Task prompt
Copy every line of the following data that includes the string "assumes".

Dataset excerpts
- Opening Delimiter -

(* Let $V$ and $W$ be oriented $d$-dimensional inner-product spaces. Then for every $A\in\mathrm{Hom}(V,W)$, \[ \mathrm{dist}^2(A,\mathrm{SO}(V,W))\le\mathrm{dist}^2(A,\mathrm{O}(V,W))+4|\det A|^{1/d}\,\mathbf{1}_{\{\det A<0\}}. \]
   Context: $\mathrm{O}(V,W)$ is the set of linear isometries $V\to W$, and $\mathrm{SO}(V,W)$ is the subset of orientation-preserving ones. $\det A$ is the determinant of the matrix of $A$ with respect to positively oriented orthonormal bases of $V$ and $W$. Distances are measured in the Frobenius (Hilbert–Schmidt) norm. $\mathbf{1}_{\{\det A<0\}}$ equals $1$ if $\det A<0$ and $0$ otherwise. *)

theory Defs
  imports "HOL-Analysis.Analysis"
begin

(* Hom(V,W) for oriented d-dimensional inner-product spaces is identified, via positively
   oriented orthonormal bases, with d x d real matrices  real^'n^'n  (d = CARD('n)). *)

definition O_mat :: "(real^'n^'n) set" where
  "O_mat = {Q. orthogonal_matrix Q}"

definition SO_mat :: "(real^'n^'n) set" where
  "SO_mat = {Q. orthogonal_matrix Q \<and> det Q = 1}"

lemma norm_matrix_is_frobenius:
  fixes A :: "real^'n^'m"
  shows "norm A = sqrt (\<Sum>i\<in>UNIV. \<Sum>j\<in>UNIV. (A $ i $ j)^2)"
  by (simp add: norm_vec_def L2_set_def real_sqrt_pow2 sum_nonneg)

end

theory Submission
  imports Defs
begin

text \<open>Let \<open>Q\<close> be an orthogonal matrix nearest to \<open>A\<close>; if \<open>det Q = 1\<close> there is nothing to prove.
  Otherwise write \<open>A = Q B\<close> and pick a unit vector \<open>v\<close> minimising \<open>l = v \<bullet> B v\<close>. Composing \<open>Q\<close> with
  the reflection in \<open>v\<^sup>\<bottom>\<close> gives a rotation at squared distance \<open>dist\<^sup>2(A, Q) + 4 l\<close> from \<open>A\<close>. If
  \<open>l > 0\<close>, then \<open>x \<bullet> B x \<ge> l |x|\<^sup>2\<close> for all \<open>x\<close>, and although \<open>B\<close> need not be symmetric this forces
  \<open>det B \<ge> l\<^sup>d\<close>: eliminating one pivot, the Schur complement inherits the same lower bound. Hence
  \<open>det A = - det B < 0\<close> and \<open>l \<le> |det A|\<^sup>1\<^sup>/\<^sup>d\<close>.\<close>

lemma matrix_mul_diff_distrib_left: "(A::real^'n^'m) ** (B - C) = A ** B - A ** C"
  by (simp add: matrix_matrix_mult_def vec_eq_iff sum_subtractf right_diff_distrib)

lemma matrix_mul_diff_distrib_right: "((B::real^'n^'m) - C) ** (A::real^'k^'n) = B ** A - C ** A"
  by (simp add: matrix_matrix_mult_def vec_eq_iff sum_subtractf left_diff_distrib)

lemma inner_matrix_vector_mult_eq_sum:
  fixes M :: "real^'n^'n"
  shows "x \<bullet> (M *v y) = (\<Sum>i\<in>UNIV. \<Sum>j\<in>UNIV. x$i * M$i$j * y$j)"
  by (simp add: inner_vec_def matrix_vector_mult_def sum_distrib_left mult.assoc)

lemma norm_matrix_power2_eq_trace: "(norm (X::real^'n^'m))^2 = trace (transpose X ** X)"
proof -
  have "(norm X)^2 = (\<Sum>i\<in>UNIV. \<Sum>j\<in>UNIV. (X $ i $ j)^2)"
    unfolding norm_matrix_is_frobenius by (simp add: sum_nonneg)
  also have "\<dots> = (\<Sum>j\<in>UNIV. \<Sum>i\<in>UNIV. (X $ i $ j)^2)" by (rule sum.swap)
  also have "\<dots> = trace (transpose X ** X)"
    by (simp add: trace_def matrix_matrix_mult_def transpose_def power2_eq_square)
  finally show ?thesis .
qed

lemma norm_orthogonal_matrix_mult_left:
  assumes "orthogonal_matrix (U::real^'m^'m)"
  shows "norm (U ** (X::real^'n^'m)) = norm X"
proof -
  have "(norm (U ** X))^2 = (norm X)^2"
    unfolding norm_matrix_power2_eq_trace matrix_transpose_mul
    using assms unfolding orthogonal_matrix_def by (metis matrix_mul_assoc matrix_mul_lid)
  then show ?thesis by (simp add: power2_eq_iff_nonneg)
qed

lemma norm_orthogonal_matrix_mult_right:
  assumes "orthogonal_matrix (U::real^'n^'n)"
  shows "norm ((X::real^'n^'m) ** U) = norm X"
proof -
  have "(norm (X ** U))^2 = trace ((transpose X ** X) ** (U ** transpose U))"
    unfolding norm_matrix_power2_eq_trace matrix_transpose_mul
    by (metis matrix_mul_assoc trace_mul_sym)
  also have "\<dots> = (norm X)^2"
    using assms unfolding orthogonal_matrix_def norm_matrix_power2_eq_trace by simp
  finally show ?thesis by (simp add: power2_eq_iff_nonneg)
qed
lemma nn_integral_prod_exp_finite_range_le:
  fixes e s :: "'i \<Rightarrow> 'a \<Rightarrow> real" and w :: "'i \<Rightarrow> 'a \<Rightarrow> ennreal" and B :: "real \<Rightarrow> ennreal"
  assumes "finite I" and e: "\<And>i. i \<in> I \<Longrightarrow> e i \<in> borel_measurable M"
    and indep: "cond_indep_vars M F e I"
    and mgf: "\<And>i v. i \<in> I \<Longrightarrow> AE x in M. nn_cond_exp M F (\<lambda>x. ennreal (exp (v * e i x))) x \<le> B v"
    and s: "\<And>i. i \<in> I \<Longrightarrow> s i \<in> borel_measurable F"
    and w: "\<And>i. i \<in> I \<Longrightarrow> w i \<in> borel_measurable F"
    and "finite V" and s_V: "\<And>i x. i \<in> I \<Longrightarrow> x \<in> space M \<Longrightarrow> s i x \<in> V"
  shows "(\<integral>\<^sup>+x. (\<Prod>i\<in>I. w i x * ennreal (exp (s i x * e i x))) \<partial>M)
    \<le> (\<integral>\<^sup>+x. (\<Prod>i\<in>I. w i x * B (s i x)) \<partial>M)"
proof -
  let ?P = "PiE I (\<lambda>_. V)"
  define \<Delta> where "\<Delta> p x = (\<Prod>i\<in>I. if s i x = p i then w i x else 0)" for p :: "'i \<Rightarrow> real" and x
  define E where "E p x = (\<Prod>i\<in>I. ennreal (exp (p i * e i x)))" for p :: "'i \<Rightarrow> real" and x
  have \<Delta>_F: "\<Delta> p \<in> borel_measurable F" for p
    unfolding \<Delta>_def
  proof (rule borel_measurable_prod_ennreal)
    fix i assume "i \<in> I"
    note [measurable] = s[OF this] w[OF this]
    show "(\<lambda>x. if s i x = p i then w i x else 0) \<in> borel_measurable F" by measurable
  qed
  then have \<Delta>_M: "\<Delta> p \<in> borel_measurable M" for p
    by (rule measurable_from_subalg[OF subalg])
  have E_M: "E p \<in> borel_measurable M" for p
    unfolding E_def
  proof (rule borel_measurable_prod_ennreal)
    fix i assume "i \<in> I"
    note [measurable] = e[OF this]
    show "(\<lambda>x. ennreal (exp (p i * e i x))) \<in> borel_measurable M" by measurable
  qed
  have "(\<integral>\<^sup>+x. (\<Prod>i\<in>I. w i x * ennreal (exp (s i x * e i x))) \<partial>M)
      = (\<integral>\<^sup>+x. (\<Sum>p\<in>?P. \<Delta> p x * E p x) \<partial>M)"
  proof (rule nn_integral_cong)
    fix x assume "x \<in> space M"
    then show "(\<Prod>i\<in>I. w i x * ennreal (exp (s i x * e i x))) = (\<Sum>p\<in>?P. \<Delta> p x * E p x)"
      unfolding \<Delta>_def E_def using \<open>finite I\<close> \<open>finite V\<close> s_V
      by (intro prod_mult_eq_sum_PiE_delta[where g="\<lambda>i v. ennreal (exp (v * e i x))" and s="\<lambda>i. s i x"])
  qed
  also have "\<dots> = (\<Sum>p\<in>?P. \<integral>\<^sup>+x. \<Delta> p x * E p x \<partial>M)"
    using \<Delta>_M E_M by (intro nn_integral_sum) auto
  also have "\<dots> = (\<Sum>p\<in>?P. \<integral>\<^sup>+x. \<Delta> p x * nn_cond_exp M F (E p) x \<partial>M)"
    using \<Delta>_F E_M by (intro sum.cong refl nn_cond_exp_intg[symmetric])
  also have "\<dots> \<le> (\<Sum>p\<in>?P. \<integral>\<^sup>+x. \<Delta> p x * (\<Prod>i\<in>I. B (p i)) \<partial>M)"
  proof (intro sum_mono nn_integral_mono_AE)
    fix p
    have "AE x in M. nn_cond_exp M F (E p) x \<le> (\<Prod>i\<in>I. B (p i))"
      unfolding E_def using \<open>finite I\<close> e indep mgf by (rule nn_cond_exp_prod_exp_le)
    then show "AE x in M. \<Delta> p x * nn_cond_exp M F (E p) x \<le> \<Delta> p x * (\<Prod>i\<in>I. B (p i))"
      by eventually_elim (rule mult_left_mono, auto)
  qed
  also have "\<dots> = (\<integral>\<^sup>+x. (\<Sum>p\<in>?P. \<Delta> p x * (\<Prod>i\<in>I. B (p i))) \<partial>M)"
    using \<Delta>_M by (intro nn_integral_sum[symmetric]) auto
  also have "\<dots> = (\<integral>\<^sup>+x. (\<Prod>i\<in>I. w i x * B (s i x)) \<partial>M)"
  proof (rule nn_integral_cong)
    fix x assume "x \<in> space M"
    then show "(\<Sum>p\<in>?P. \<Delta> p x * (\<Prod>i\<in>I. B (p i))) = (\<Prod>i\<in>I. w i x * B (s i x))"
      unfolding \<Delta>_def using \<open>finite I\<close> \<open>finite V\<close> s_V
      by (intro prod_mult_eq_sum_PiE_delta[symmetric, where g="\<lambda>i. B" and s="\<lambda>i. s i x"])
  qed
  finally show ?thesis .
qed

end

section \<open>The exponential inequality\<close>

locale prob_space_subalgebra = prob_space M + finite_measure_subalgebra M F for M F :: "'a measure"

context prob_space_subalgebra
begin

lemma nn_integral_exp_sum_le_1:
  fixes e t a :: "'i \<Rightarrow> 'a \<Rightarrow> real" and B :: "real \<Rightarrow> ennreal" and T :: real
  assumes "finite I" and e: "\<And>i. i \<in> I \<Longrightarrow> e i \<in> borel_measurable M"
    and indep: "cond_indep_vars M F e I"
    and mgf: "\<And>i v. i \<in> I \<Longrightarrow> AE x in M. nn_cond_exp M F (\<lambda>x. ennreal (exp (v * e i x))) x \<le> B v"
    and [measurable]: "\<And>i. i \<in> I \<Longrightarrow> t i \<in> borel_measurable F"
    and [measurable]: "\<And>i. i \<in> I \<Longrightarrow> a i \<in> borel_measurable F"
    and t_bound: "\<And>i x. i \<in> I \<Longrightarrow> x \<in> space M \<Longrightarrow> \<bar>t i x\<bar> \<le> T"
    and compensated: "\<And>i x v. i \<in> I \<Longrightarrow> x \<in> space M \<Longrightarrow> \<bar>v\<bar> \<le> \<bar>t i x\<bar> \<Longrightarrow>
      ennreal (exp (- a i x)) * B v \<le> 1"
  shows "(\<integral>\<^sup>+x. ennreal (exp (\<Sum>i\<in>I. t i x * e i x - a i x)) \<partial>M) \<le> 1"
proof -
  txt \<open>Rounding the coefficients to a finite dyadic grid lets them be pulled out of the
    conditional expectation; Fatou's lemma removes the rounding.\<close>
  define f where "f m x = ennreal (exp (\<Sum>i\<in>I. dyadic_trunc m (t i x) * e i x - a i x))" for m x
  have f_M: "f m \<in> borel_measurable M" for m
  proof -
    have [measurable]: "i \<in> I \<Longrightarrow> t i \<in> borel_measurable M" "i \<in> I \<Longrightarrow> a i \<in> borel_measurable M"
      "i \<in> I \<Longrightarrow> e i \<in> borel_measurable M" for i
      using e by (auto intro: measurable_from_subalg[OF subalg])
    show ?thesis unfolding f_def by measurable
  qed
  have f_le_1: "(\<integral>\<^sup>+x. f m x \<partial>M) \<le> 1" for m
  proof -
    have "(\<integral>\<^sup>+x. f m x \<partial>M)
        = (\<integral>\<^sup>+x. (\<Prod>i\<in>I. ennreal (exp (- a i x)) * ennreal (exp (dyadic_trunc m (t i x) * e i x))) \<partial>M)"
      unfolding f_def using \<open>finite I\<close>
      by (intro nn_integral_cong) (simp add: exp_sum prod_ennreal ennreal_mult[symmetric] exp_add[symmetric])
    also have "\<dots> \<le> (\<integral>\<^sup>+x. (\<Prod>i\<in>I. ennreal (exp (- a i x)) * B (dyadic_trunc m (t i x))) \<partial>M)"
    proof (rule nn_integral_prod_exp_finite_range_le[OF \<open>finite I\<close> e indep mgf])
      show "finite ((\<lambda>k. of_int k / 2^m) ` {- \<lfloor>T * 2^m\<rfloor> .. \<lfloor>T * 2^m\<rfloor>} :: real set)"
        by simp
    qed (auto intro: dyadic_trunc_in_grid t_bound)
    also have "\<dots> \<le> (\<integral>\<^sup>+x. (\<Prod>i\<in>I. 1) \<partial>M)"
      using compensated abs_dyadic_trunc_le by (intro nn_integral_mono prod_mono_ennreal) auto
    finally show ?thesis by (simp add: emeasure_space_1)
  qed
  have lim: "(\<lambda>m. f m x) \<longlonglongrightarrow> ennreal (exp (\<Sum>i\<in>I. t i x * e i x - a i x))" for x
    unfolding f_def
    by (intro tendsto_ennrealI tendsto_exp tendsto_sum tendsto_diff tendsto_mult dyadic_trunc_tendsto tendsto_const)
  have "(\<integral>\<^sup>+x. ennreal (exp (\<Sum>i\<in>I. t i x * e i x - a i x)) \<partial>M) = (\<integral>\<^sup>+x. liminf (\<lambda>m. f m x) \<partial>M)"
    by (intro nn_integral_cong) (simp add: lim_imp_Liminf[OF trivial_limit_sequentially lim])
  also have "\<dots> \<le> liminf (\<lambda>m. \<integral>\<^sup>+x. f m x \<partial>M)"
    using f_M by (rule nn_integral_liminf)
  also have "\<dots> \<le> limsup (\<lambda>m. \<integral>\<^sup>+x. f m x \<partial>M)"
    by (rule Liminf_le_Limsup) simp
  also have "\<dots> \<le> 1"
    using f_le_1 by (intro Limsup_bounded) simp
  finally show ?thesis .
qed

- Closing Delimiter -

Answer for the task
  assumes "orthogonal_matrix (U::real^'m^'m)"
  assumes "orthogonal_matrix (U::real^'n^'n)"
  assumes "finite I" and e: "\<And>i. i \<in> I \<Longrightarrow> e i \<in> borel_measurable M"
  assumes "finite I" and e: "\<And>i. i \<in> I \<Longrightarrow> e i \<in> borel_measurable M"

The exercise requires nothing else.